Я подумал, что, может быть, из-за этого он, при его способностях, все еще не командует кораблем. Ему тогда пришлось бы совершать прыжки между звезд туда, куда приказывают, а не куда хочется. Я, например, не знаю, когда я теперь снова увижу Литу и Венли, если вернусь в галактику. Компания старается, чтобы работники не засиживались на одном месте, так что пятьдесят лет — вполне реальный срок. А Валланд хочет возвращаться домой гораздо чаще.
— Похоже, что она стоящая девушка, твоя Мэри, — сказал я.
— Это да, — почти шепнул он одновременно с легким порывом ветра.
— Вы женаты?
— Не официально, — засмеялся Валланд. — Видно, шкипер, что ты родился после Исхода. Мэри — девушка прежних обычаев и приняла бы мое имя, если бы…
Он оборвал свою речь.
— Понимаешь, — сказал я, поскольку считал, что в ночи чужого мира это вполне подходящая тема, — ты нам никогда не показывал ее портрета. А практически каждый таскает с собой альбомы с образами своих женщин.
— Без надобности, — кратко ответил он. — У меня в голове портрет получше всех этих стереомультиков. Напряжение оставило его, он рассмеялся:
— Кроме того, она однажды сказала — это было еще тогда, когда в брюках были боковые карманы, — так она сказала, что не так уж это романтично — носить ее портрет возле, — он сделал паузу, — возле сердца.
— Однако ты пробудил мое любопытство. Ты не обидишься, если я спрошу, как она выглядит?
— Да я всегда рад о ней поговорить. Только беда, что словами такого не передашь. Потому-то я и сложил песню. Честно говоря, переделал из одной старинной шведской.
— Шведской? Я что-то не помню такой планеты — Шведа.
— Да нет, Швеция, Сверигия — это такая была страна на Земле, когда на Земле были страны. Там жил приятный народ, хотя и малость грубоватый. Я и сам отчасти швед.
Валланд замолчал. Так холодно мерцала над нами галактика, что я почувствовал необходимость что-то сказать.
— Так как же выглядит Мэри?
— Ах да. Ну, она высокая, у нее упругая походка, она много смеется, а волосы у нее так сияют на солнце… Нет, прости. Словами не опишешь.
— Что ж, я буду счастлив познакомиться с этой леди, — сказал я, — если мы доберемся до Земли.
— Доберемся, — сказал Валланд. — Как-нибудь. Он протянул руку — как массивную жердь на фоне облаков:
— Вон та планета, оранжевая. Это должен быть мир внешников. Нам достаточно добраться только дотуда.
— Двести тридцать тысяч световых лет за одно мгновение, — с досадой сказал я, — а несколько миллионов километров уже никак.
— Вселенная как была большой, так и осталась, — ответил он. — Она не стала меньше оттого, что мы ее перепрыгнули.
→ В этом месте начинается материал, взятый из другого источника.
(* Let $\mu$ be a probability measure on $[0,1]$ that is absolutely continuous with continuous density, let $q\in(0,1)$ and $y\in\mathbb{R}$. For each $n$, let $X_1,\dots,X_n$ be i.i.d. with law $\mu$ and $\vec X=(X_1,\dots,X_n)$. Then \[ \lim_{n\to\infty}\mathbb{E}[SW(\vec X,y)]=q-W_1(\mu,q\delta_y), \] where $\delta_y$ is the Dirac measure at $y$.
   Context: For $n$ agents at positions $\vec x=(x_1,\dots,x_n)$ and a facility at $y$ with capacity $q$, the facility accommodates the $\lfloor qn\rfloor$ agents closest to $y$ (ties broken arbitrarily); an accommodated agent $i$ receives utility $1-|x_i-y|$ and every other agent receives $0$. The social welfare is normalized: $SW(\vec x,y)=\frac1n\sum_{i=1}^n u_i$. For a probability measure $\alpha$ and a positive measure $\beta$ on $\mathbb{R}$ with $\beta(\mathbb{R})\le 1$, $W_1(\alpha,\beta)=\min\int|x-z|\,d\pi(x,z)$ over positive measures $\pi$ on $\mathbb{R}\times\mathbb{R}$ with second marginal equal to $\beta$ and first marginal dominated by $\alpha$. *)

theory Defs
  imports "HOL-Probability.Probability"
begin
Через минуту он добавил:
— Но до мира внешников, я думаю, доберемся. Чем больше я прикидываю, чем мы располагаем, тем больше уверен, что среди обломков двух шлюпок и одного корабля можно набрать достаточно деталей и смастерить одно исправное судно. Нет смысла пытаться собрать аппарат для прыжка через пространство. Это просто груда лома, и нам его не починить, даже если бы мы знали как. И этим путем нам не послать сигнал внешникам.